* Records provided
(* Let $0<\varphi<\theta<1$ be constants, let $B_1,B_2,\dots$ be i.i.d. Bernoulli random variables with $\mathbb{P}(B_i=1)=\theta$, and let $\hat\Theta_n=\frac1n\sum_{i=1}^nB_i$. For each of $P=P_{\mathrm{CH},n}$, $P=P_{\mathrm{PBR},n}$ and $P=P_{\mathrm{X},n}$, $$\sqrt n\left(-\frac{\log P(\hat\Theta_n|\varphi)}{n}-\mathrm{KL}(\theta|\varphi)\right)\xrightarrow{D}N(0,\sigma_G^2),\qquad \sigma_G^2=\theta(1-\theta)\left(\log\Big(\frac{\theta}{1-\theta}\frac{1-\varphi}{\varphi}\Big)\right)^2,$$ where $\xrightarrow{D}$ denotes convergence in distribution and $N(\mu,\sigma^2)$ the normal distribution.
   Context: Logarithms are natural. $\mathrm{KL}(t|\varphi)=t\log(t/\varphi)+(1-t)\log\big((1-t)/(1-\varphi)\big)$. For an integer $n\ge1$, $0<\varphi<1$ and $t\in[0,1]$ with $nt$ an integer (convention $0^0=1$), define $P_{\mathrm{X},n}(t|\varphi)=\sum_{k\ge nt}\binom{n}{k}\varphi^k(1-\varphi)^{n-k}$; $P_{\mathrm{CH},n}(t|\varphi)=\left(\frac{\varphi}{t}\right)^{nt}\left(\frac{1-\varphi}{1-t}\right)^{n(1-t)}$ if $t\ge\varphi$, and $=1$ otherwise; $P_{\mathrm{PBR},n}(t|\varphi)=\varphi^{nt}(1-\varphi)^{n(1-t)}(n+1)\binom{n}{nt}$ if $t\ge\varphi$, and $=t^{nt}(1-t)^{n(1-t)}(n+1)\binom{n}{nt}$ otherwise. *)

theory Defs
  imports "HOL-Probability.Probability"
begin

definition pw :: "real \<Rightarrow> real \<Rightarrow> real" where
  "pw x a = (if a = 0 then 1 else x powr a)"

definition KL :: "real \<Rightarrow> real \<Rightarrow> real" where
  "KL t \<phi> = t * ln (t / \<phi>) + (1 - t) * ln ((1 - t) / (1 - \<phi>))"

(* n*t is assumed to be an integer; nat \<lfloor>n*t\<rfloor> is then exactly n*t *)
definition P_X :: "nat \<Rightarrow> real \<Rightarrow> real \<Rightarrow> real" where
  "P_X n t \<phi> = (\<Sum>k\<in>{k. k \<le> n \<and> real k \<ge> real n * t}.
       real (n choose k) * \<phi> ^ k * (1 - \<phi>) ^ (n - k))"

definition P_CH :: "nat \<Rightarrow> real \<Rightarrow> real \<Rightarrow> real" where
  "P_CH n t \<phi> = (if t \<ge> \<phi> then
       pw (\<phi> / t) (real n * t) * pw ((1 - \<phi>) / (1 - t)) (real n * (1 - t))
     else 1)"

definition P_PBR :: "nat \<Rightarrow> real \<Rightarrow> real \<Rightarrow> real" where
  "P_PBR n t \<phi> = (if t \<ge> \<phi> then
       pw \<phi> (real n * t) * pw (1 - \<phi>) (real n * (1 - t)) * (real n + 1)
         * real (n choose nat \<lfloor>real n * t\<rfloor>)
     else
       pw t (real n * t) * pw (1 - t) (real n * (1 - t)) * (real n + 1)
         * real (n choose nat \<lfloor>real n * t\<rfloor>))"

end

theory Submission
  imports Defs "HOL-Real_Asymp.Real_Asymp"
begin
(* Let $B\subset\mathbb{R}^{n+1}$ be a symmetric convex body and let $x_i\to x$ be a convergent sequence in $S^n$. Assume each section $x_i^\perp\cap B$ is an affine symmetric body of revolution with an axis of revolution $L_i\subset x_i^\perp$, and that $L_i\to L$ in $\mathbb{R}P^n$. Then $x^\perp\cap B$ is an affine symmetric body of revolution with axis of revolution $L$.
   Context: A symmetric convex body is a compact convex set with nonempty interior invariant under $x\mapsto-x$. A symmetric convex body $K\subset\mathbb{R}^m$ is a symmetric body of revolution if it admits an axis of revolution: a 1-dimensional linear subspace $L$ such that every section of $K$ by an affine hyperplane $A$ orthogonal to $L$ is a closed Euclidean $(m-1)$-ball in $A$ centered at $A\cap L$ (possibly empty or a point). An affine symmetric body of revolution (in a linear subspace) is a convex body linearly equivalent to a symmetric body of revolution; the image of an axis under the linear equivalence is called an axis of revolution of it. $\mathbb{R}P^n$ is the space of 1-dimensional linear subspaces of $\mathbb{R}^{n+1}$ with its usual topology. *)

theory Defs
  imports "HOL-Analysis.Analysis"
begin

definition sym_convex_body :: "'a::euclidean_space set \<Rightarrow> bool" where
  "sym_convex_body K \<longleftrightarrow> compact K \<and> convex K \<and> interior K \<noteq> {} \<and> uminus ` K = K"

text \<open>Symmetric convex body inside a linear subspace V: compact, convex, contained in V,
  with nonempty interior relative to V (i.e. full affine dimension in V), origin-symmetric.\<close>
definition sym_convex_body_in :: "'a::euclidean_space set \<Rightarrow> 'a set \<Rightarrow> bool" where
  "sym_convex_body_in V K \<longleftrightarrow> subspace V \<and> K \<subseteq> V \<and> compact K \<and> convex K \<and>
     aff_dim K = int (dim V) \<and> uminus ` K = K"

definition is_line :: "'a::euclidean_space set \<Rightarrow> bool" where
  "is_line L \<longleftrightarrow> subspace L \<and> dim L = 1"

text \<open>Symmetric body of revolution in the subspace V with axis L: every section of K by an
  affine hyperplane of V orthogonal to L (these are exactly the sets
  {y \<in> V. y - c \<bottom> L} for c \<in> L, and c is their intersection point with L)
  is empty or a closed Euclidean ball of that hyperplane centred at c.\<close>
definition sym_body_of_revolution_in :: "'a::euclidean_space set \<Rightarrow> 'a set \<Rightarrow> 'a set \<Rightarrow> bool" where
  "sym_body_of_revolution_in V K L \<longleftrightarrow> sym_convex_body_in V K \<and> is_line L \<and> L \<subseteq> V \<and>
     (\<forall>c\<in>L. let A = {y \<in> V. \<forall>w\<in>L. (y - c) \<bullet> w = 0} in
        K \<inter> A = {} \<or> (\<exists>r\<ge>0. K \<inter> A = cball c r \<inter> A))"

definition affine_sym_body_of_revolution_in :: "'a::euclidean_space set \<Rightarrow> 'a set \<Rightarrow> 'a set \<Rightarrow> bool" where
  "affine_sym_body_of_revolution_in V K L \<longleftrightarrow>
     (\<exists>T K0 L0. linear T \<and> inj_on T V \<and> T ` V = V \<and>
        sym_body_of_revolution_in V K0 L0 \<and> K = T ` K0 \<and> L = T ` L0)"

text \<open>Real projective space of the ambient space: the set of lines, with the quotient topology
  of the unit sphere under u \<mapsto> span {u}.\<close>
definition RP_lines :: "'a::euclidean_space set set" where
  "RP_lines = {span {u} | u. u \<in> sphere 0 1}"

definition RP_topology :: "'a::euclidean_space set topology" where
  "RP_topology = topology (\<lambda>U. U \<subseteq> RP_lines \<and>
      openin (top_of_set (sphere (0::'a) 1)) {u \<in> sphere 0 1. span {u} \<in> U})"

lemma istopology_RP:
  "istopology (\<lambda>U. U \<subseteq> (RP_lines :: 'a::euclidean_space set set) \<and>
      openin (top_of_set (sphere (0::'a) 1)) {u \<in> sphere 0 1. span {u} \<in> U})"
  unfolding istopology_def
proof (rule conjI; intro allI impI)
  fix S T :: "'a set set"
  assume S: "S \<subseteq> RP_lines \<and> openin (top_of_set (sphere 0 1)) {u \<in> sphere 0 1. span {u} \<in> S}"
     and T: "T \<subseteq> RP_lines \<and> openin (top_of_set (sphere 0 1)) {u \<in> sphere 0 1. span {u} \<in> T}"
  have eq: "{u \<in> sphere (0::'a) 1. span {u} \<in> S \<inter> T} =
        {u \<in> sphere 0 1. span {u} \<in> S} \<inter> {u \<in> sphere 0 1. span {u} \<in> T}" by blast
  have o: "openin (top_of_set (sphere 0 1))
        ({u \<in> sphere (0::'a) 1. span {u} \<in> S} \<inter> {u \<in> sphere 0 1. span {u} \<in> T})"
    using openin_Int[OF conjunct2[OF S] conjunct2[OF T]] .
  show "S \<inter> T \<subseteq> RP_lines \<and>
      openin (top_of_set (sphere 0 1)) {u \<in> sphere 0 1. span {u} \<in> S \<inter> T}"
  proof -
    have "S \<inter> T \<subseteq> RP_lines" using S by blast
    with o eq show ?thesis by simp
  qed
next
  fix K :: "'a set set set"
  assume K: "\<forall>S\<in>K. S \<subseteq> RP_lines \<and> openin (top_of_set (sphere 0 1)) {u \<in> sphere 0 1. span {u} \<in> S}"
  have eq: "{u \<in> sphere (0::'a) 1. span {u} \<in> \<Union>K} = (\<Union>S\<in>K. {u \<in> sphere 0 1. span {u} \<in> S})" by blast
  have o: "openin (top_of_set (sphere 0 1)) (\<Union>S\<in>K. {u \<in> sphere (0::'a) 1. span {u} \<in> S})"
  proof (rule openin_Union)
    fix X assume "X \<in> (\<lambda>S. {u \<in> sphere (0::'a) 1. span {u} \<in> S}) ` K"
    then obtain S where "S \<in> K" and X: "X = {u \<in> sphere (0::'a) 1. span {u} \<in> S}" by blast
    then show "openin (top_of_set (sphere 0 1)) X" using K X by simp
  qed
  show "\<Union>K \<subseteq> RP_lines \<and>
      openin (top_of_set (sphere 0 1)) {u \<in> sphere 0 1. span {u} \<in> \<Union>K}"
  proof -
    have "\<Union>K \<subseteq> RP_lines" using K by blast
    with o eq show ?thesis by simp
  qed
qed

lemma openin_RP_topology:
  "openin RP_topology U \<longleftrightarrow> U \<subseteq> RP_lines \<and>
      openin (top_of_set (sphere 0 1)) {u \<in> sphere 0 1. span {u} \<in> U}"
  by (simp only: RP_topology_def topology_inverse'[OF istopology_RP])

end

theory Submission
  imports Defs
begin

text \<open>Pull each section back by a linear map so that it becomes a body of revolution about a unit
  vector \<open>m\<^sub>i\<close>, squeezed between the balls of radii \<open>1/2\<close> and \<open>2\<close>: scale the axis by the half-length
  of the body along it and the orthogonal directions by its equatorial radius. Composed with the
  orthogonal projection onto \<open>x\<^sub>i\<^sup>\<bottom>\<close>, these maps are uniformly bounded, so along a subsequence they
  converge, and so do the \<open>m\<^sub>i\<close>. The squeeze survives in the limit and makes the limit map injective
  on \<open>x\<^sup>\<bottom>\<close>. The rotational symmetry survives too: given two points of \<open>x\<^sup>\<bottom>\<close> with the same axial
  coordinate and norm, rotate approximants of the first about \<open>m\<^sub>i\<close> towards approximants of the
  second (after shrinking slightly into the interior of \<open>B\<close>). So the limit section is the image of a
  body of revolution whose axis is the limit of the \<open>m\<^sub>i\<close>, and this axis is mapped onto
  \<open>L = lim L\<^sub>i\<close>.\<close>

section \<open>Axial and radial components\<close>

definition radial_part :: "'a::real_inner \<Rightarrow> 'a \<Rightarrow> 'a" where
  "radial_part m y = y - (y \<bullet> m) *\<^sub>R m"

lemma axial_plus_radial_part [simp]: "(y \<bullet> m) *\<^sub>R m + radial_part m y = y"
  by (simp add: radial_part_def)

lemma radial_part_orthogonal:
  assumes "norm m = 1"
  shows "radial_part m y \<bullet> m = 0"
  using assms by (simp add: radial_part_def inner_diff_left norm_eq_1)

lemma radial_part_axial_plus_orthogonal:
  assumes "norm m = 1" "h \<bullet> m = 0"
  shows "(a *\<^sub>R m + h) \<bullet> m = a" "radial_part m (a *\<^sub>R m + h) = h"
  using assms by (simp_all add: radial_part_def inner_add_left norm_eq_1)

lemma radial_part_scaleR: "radial_part m (c *\<^sub>R y) = c *\<^sub>R radial_part m y"
  by (simp add: radial_part_def algebra_simps)

lemma linear_radial_part: "linear (radial_part m)"
  unfolding linear_iff radial_part_def by (simp add: inner_add_left algebra_simps)

lemma radial_part_in_subspace:
  assumes "subspace V" "m \<in> V" "y \<in> V"
  shows "radial_part m y \<in> V"
  unfolding radial_part_def using assms by (intro subspace_diff subspace_mul)

lemma dist_axis_point_eq_norm_radial_part:
  assumes "y \<bullet> m = s"
  shows "dist (s *\<^sub>R m) y = norm (radial_part m y)"
  using assms dist_commute[THEN trans, OF dist_norm] by (simp add: radial_part_def)

lemma norm_sq_axial_radial:
  assumes "norm m = 1"
  shows "(norm y)\<^sup>2 = (y \<bullet> m)\<^sup>2 + (norm (radial_part m y))\<^sup>2"
proof -
  have "m \<bullet> m = 1" "radial_part m y \<bullet> m = 0"
    using assms radial_part_orthogonal by (auto simp: norm_eq_1)
  then have "y \<bullet> y = (y \<bullet> m)\<^sup>2 + radial_part m y \<bullet> radial_part m y"
    by (simp add: radial_part_def inner_diff_left inner_diff_right inner_commute power2_eq_square)
  then show ?thesis by (simp add: power2_norm_eq_inner)
qed

lemma norm_radial_part_le:
  assumes "norm m = 1"
  shows "norm (radial_part m y) \<le> norm y"
proof (rule power2_le_imp_le)
  show "(norm (radial_part m y))\<^sup>2 \<le> (norm y)\<^sup>2"
    using norm_sq_axial_radial[OF assms, of y] by simp
qed simp
(* Let $M$ be a $k$-connected matroid on $E$, where $k\geq 2$ and $|E|\geq \max\{3k-5,2\}$. Then $M$ has a unique tangle $\mathcal T$ of order $k$. Moreover a subset $A$ of $E$ belongs to $\mathcal T$ if and only if $|A|\leq k-2$.
   Context: For a matroid $M$ on $E$ with rank function $r$, $\lambda_M(X)=r(X)+r(E-X)-r(M)+1$. For a positive integer $l$, an $l$-separation (in Tutte's sense) is a partition $(X,Y)$ of $E$ with $|X|,|Y|\ge l$ and $\lambda_M(X)\le l$; $M$ is $k$-connected if it has no $l$-separation for any $l<k$. A tangle of order $k$ in $M$ is a collection $\mathcal T$ of subsets of $E$ such that (T1) $\lambda_M(A)<k$ for all $A\in\mathcal T$; (T2) if $\lambda_M(A)\le k-1$ then $A\in\mathcal T$ or $E-A\in\mathcal T$; (T3) $A\cup B\cup C\ne E$ for all $A,B,C\in\mathcal T$; (T4) $E-\{e\}\notin\mathcal T$ for each $e\in E$. *)

theory Defs
  imports Main
begin

definition matroid :: "'a set \<Rightarrow> ('a set \<Rightarrow> nat) \<Rightarrow> bool" where
  "matroid E r \<longleftrightarrow> finite E
     \<and> (\<forall>X. X \<subseteq> E \<longrightarrow> r X \<le> card X)
     \<and> (\<forall>X Y. X \<subseteq> Y \<and> Y \<subseteq> E \<longrightarrow> r X \<le> r Y)
     \<and> (\<forall>X Y. X \<subseteq> E \<and> Y \<subseteq> E \<longrightarrow> r (X \<union> Y) + r (X \<inter> Y) \<le> r X + r Y)"

definition conn :: "'a set \<Rightarrow> ('a set \<Rightarrow> nat) \<Rightarrow> 'a set \<Rightarrow> int" where
  "conn E r X = int (r X) + int (r (E - X)) - int (r E) + 1"

definition separation :: "'a set \<Rightarrow> ('a set \<Rightarrow> nat) \<Rightarrow> nat \<Rightarrow> 'a set \<Rightarrow> 'a set \<Rightarrow> bool" where
  "separation E r l X Y \<longleftrightarrow> X \<union> Y = E \<and> X \<inter> Y = {}
     \<and> card X \<ge> l \<and> card Y \<ge> l \<and> conn E r X \<le> int l"

definition k_connected :: "'a set \<Rightarrow> ('a set \<Rightarrow> nat) \<Rightarrow> nat \<Rightarrow> bool" where
  "k_connected E r k \<longleftrightarrow> (\<forall>l X Y. 0 < l \<and> l < k \<longrightarrow> \<not> separation E r l X Y)"

definition tangle :: "'a set \<Rightarrow> ('a set \<Rightarrow> nat) \<Rightarrow> nat \<Rightarrow> 'a set set \<Rightarrow> bool" where
  "tangle E r k \<T> \<longleftrightarrow> \<T> \<subseteq> Pow E
     \<and> (\<forall>A\<in>\<T>. conn E r A < int k)
     \<and> (\<forall>A. A \<subseteq> E \<and> conn E r A \<le> int k - 1 \<longrightarrow> A \<in> \<T> \<or> E - A \<in> \<T>)
     \<and> (\<forall>A\<in>\<T>. \<forall>B\<in>\<T>. \<forall>C\<in>\<T>. A \<union> B \<union> C \<noteq> E)
     \<and> (\<forall>e\<in>E. E - {e} \<notin> \<T>)"

end

theory Submission
  imports Defs
begin

text \<open>Since \<open>\<lambda>(A) \<le> |A| + 1\<close>, every set of size at most \<open>k - 2\<close> has connectivity below
  \<open>k\<close>, and \<open>k\<close>-connectivity says that whenever \<open>\<lambda>(A) \<le> k - 1\<close> one of \<open>A\<close>, \<open>E - A\<close> has
  size at most \<open>k - 2\<close>. Hence a tangle of order \<open>k\<close> is forced to be the collection of
  small sets: by (T2), (T4) and (T3) it contains every singleton and, growing one
  element at a time, every set of size at most \<open>k - 2\<close>; a large member would have a
  small complement, which (T3) forbids. Conversely the small sets form a tangle,
  because three of them cover at most \<open>3k - 6 < |E|\<close> elements.\<close>

lemma tangle_subset_Pow: "tangle E r k T \<Longrightarrow> T \<subseteq> Pow E"
  unfolding tangle_def by simp

lemma tangle_conn_less: "tangle E r k T \<Longrightarrow> A \<in> T \<Longrightarrow> conn E r A < int k"
  unfolding tangle_def by simp

lemma tangle_mem_or_complement_mem:
  "tangle E r k T \<Longrightarrow> A \<subseteq> E \<Longrightarrow> conn E r A \<le> int k - 1 \<Longrightarrow> A \<in> T \<or> E - A \<in> T"
  unfolding tangle_def by simp

lemma tangle_no_triple_cover:
  "tangle E r k T \<Longrightarrow> A \<in> T \<Longrightarrow> B \<in> T \<Longrightarrow> C \<in> T \<Longrightarrow> A \<union> B \<union> C \<noteq> E"
  unfolding tangle_def by simp

lemma tangle_Diff_singleton_not_mem: "tangle E r k T \<Longrightarrow> e \<in> E \<Longrightarrow> E - {e} \<notin> T"
  unfolding tangle_def by simp

lemma tangle_complement_not_mem:
  assumes t: "tangle E r k T" and A: "A \<in> T"
  shows "E - A \<notin> T"
proof
  assume "E - A \<in> T"
  moreover have "A \<union> (E - A) \<union> (E - A) = E"
    using A tangle_subset_Pow[OF t] by auto
  ultimately show False
    using tangle_no_triple_cover[OF t A] by blast
qed

lemma conn_le_card_Suc:
  assumes m: "matroid E r" and A: "A \<subseteq> E"
  shows "conn E r A \<le> int (card A) + 1"
proof -
  have "r A \<le> card A" "r (E - A) \<le> r E"
    using m A unfolding matroid_def by (simp, meson Diff_subset order_refl)
  then show ?thesis unfolding conn_def by linarith
qed

lemma k_connected_small_side:
  assumes kc: "k_connected E r k" and k: "k \<ge> 2" and A: "A \<subseteq> E"
    and conn: "conn E r A \<le> int k - 1"
  shows "card A \<le> k - 2 \<or> card (E - A) \<le> k - 2"
proof (rule ccontr)
  assume "\<not> ?thesis"
  with A conn k have "separation E r (k - 1) A (E - A)"
    unfolding separation_def by auto
  moreover have "0 < k - 1" "k - 1 < k" using k by auto
  ultimately show False using kc unfolding k_connected_def by blast
qed

definition small_sets :: "'a set \<Rightarrow> nat \<Rightarrow> 'a set set" where
  "small_sets E k = {A. A \<subseteq> E \<and> card A \<le> k - 2}"

lemma tangle_small_sets:
  assumes m: "matroid E r" and kc: "k_connected E r k" and k: "k \<ge> 2"
    and size: "card E \<ge> max (3 * k - 5) 2"
  shows "tangle E r k (small_sets E k)"
  unfolding tangle_def
proof (intro conjI ballI allI impI)
  have fin: "finite E" using m unfolding matroid_def by simp
  show "small_sets E k \<subseteq> Pow E" unfolding small_sets_def by auto
  show "conn E r A < int k" if "A \<in> small_sets E k" for A
    using that conn_le_card_Suc[OF m, of A] k unfolding small_sets_def by auto
  show "A \<in> small_sets E k \<or> E - A \<in> small_sets E k"
    if "A \<subseteq> E \<and> conn E r A \<le> int k - 1" for A
    using that k_connected_small_side[OF kc k, of A] unfolding small_sets_def by auto
  show "A \<union> B \<union> C \<noteq> E"
    if "A \<in> small_sets E k" "B \<in> small_sets E k" "C \<in> small_sets E k" for A B C
  proof -
    have "card (A \<union> B \<union> C) \<le> card A + card B + card C"
      by (meson add_le_mono1 card_Un_le le_trans)
    also have "\<dots> < card E"
      using that size k unfolding small_sets_def by auto
    finally show ?thesis by auto
  qed
  show "E - {e} \<notin> small_sets E k" if "e \<in> E" for e
    using that fin size k unfolding small_sets_def by auto
qed

lemma small_sets_subset_tangle:
  assumes m: "matroid E r" and t: "tangle E r k T" and k: "k \<ge> 2"
  shows "small_sets E k \<subseteq> T"
proof
  fix A assume "A \<in> small_sets E k"
  then have A: "A \<subseteq> E" "card A \<le> k - 2" unfolding small_sets_def by auto
  have "finite A"
    using A(1) m finite_subset unfolding matroid_def by metis
  from this A show "A \<in> T"
  proof (induction A rule: finite_induct)
    case empty
    have "conn E r {} \<le> int k - 1" using conn_le_card_Suc[OF m, of "{}"] k by simp
    then show ?case
      using tangle_mem_or_complement_mem[OF t] tangle_no_triple_cover[OF t, of E E E] by force
  next
    case (insert e F)
    have F: "F \<in> T" and e: "e \<in> E" and k3: "k \<ge> 3" using insert by auto
    have "conn E r {e} \<le> int k - 1" using conn_le_card_Suc[OF m, of "{e}"] e k3 by simp
    then have singleton: "{e} \<in> T"
      using tangle_mem_or_complement_mem[OF t, of "{e}"] tangle_Diff_singleton_not_mem[OF t e] e
      by blast
    have "F \<union> {e} \<union> (E - insert e F) = E" using insert.prems by auto
    then have "E - insert e F \<notin> T" using tangle_no_triple_cover[OF t F singleton] by metis
    moreover have "conn E r (insert e F) \<le> int k - 1"
      using conn_le_card_Suc[OF m insert.prems(1)] insert.prems(2) k3 by linarith
    ultimately show ?case using tangle_mem_or_complement_mem[OF t insert.prems(1)] by blast
  qed
qed

lemma tangle_eq_small_sets:
  assumes m: "matroid E r" and t: "tangle E r k T" and kc: "k_connected E r k" and k: "k \<ge> 2"
  shows "T = small_sets E k"
proof (rule antisym[OF subsetI small_sets_subset_tangle[OF m t k]])
  fix A assume AT: "A \<in> T"
  have A: "A \<subseteq> E" using AT tangle_subset_Pow[OF t] by auto
  have "conn E r A \<le> int k - 1" using tangle_conn_less[OF t AT] by linarith
  then have "card A \<le> k - 2 \<or> E - A \<in> small_sets E k"
    using k_connected_small_side[OF kc k A] A unfolding small_sets_def by auto
  moreover have "E - A \<notin> small_sets E k"
    using tangle_complement_not_mem[OF t AT] small_sets_subset_tangle[OF m t k] by blast
  ultimately show "A \<in> small_sets E k" using A unfolding small_sets_def by auto
qed

theorem corollary2p4:
  fixes E :: "'a set" and r :: "'a set \<Rightarrow> nat" and k :: nat
  assumes "matroid E r"
    and "k_connected E r k"
    and "k \<ge> 2"
    and "card E \<ge> max (3 * k - 5) 2"
  shows "(\<exists>!\<T>. tangle E r k \<T>)
    \<and> (\<forall>\<T>. tangle E r k \<T> \<longrightarrow> (\<forall>A. A \<subseteq> E \<longrightarrow> (A \<in> \<T> \<longleftrightarrow> card A \<le> k - 2)))"
proof -
  have "tangle E r k (small_sets E k)"
    using tangle_small_sets[OF assms] .
  moreover have "\<And>T. tangle E r k T \<Longrightarrow> T = small_sets E k"
    using tangle_eq_small_sets[OF assms(1) _ assms(2,3)] .
  ultimately show ?thesis unfolding small_sets_def by blast
qed

end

* Exercise
If a line in the records above has the word "onto", copy it.

* Task answer
  orthogonal projection onto \<open>x\<^sub>i\<^sup>\<bottom>\<close>, these maps are uniformly bounded, so along a subsequence they
  body of revolution whose axis is the limit of the \<open>m\<^sub>i\<close>, and this axis is mapped onto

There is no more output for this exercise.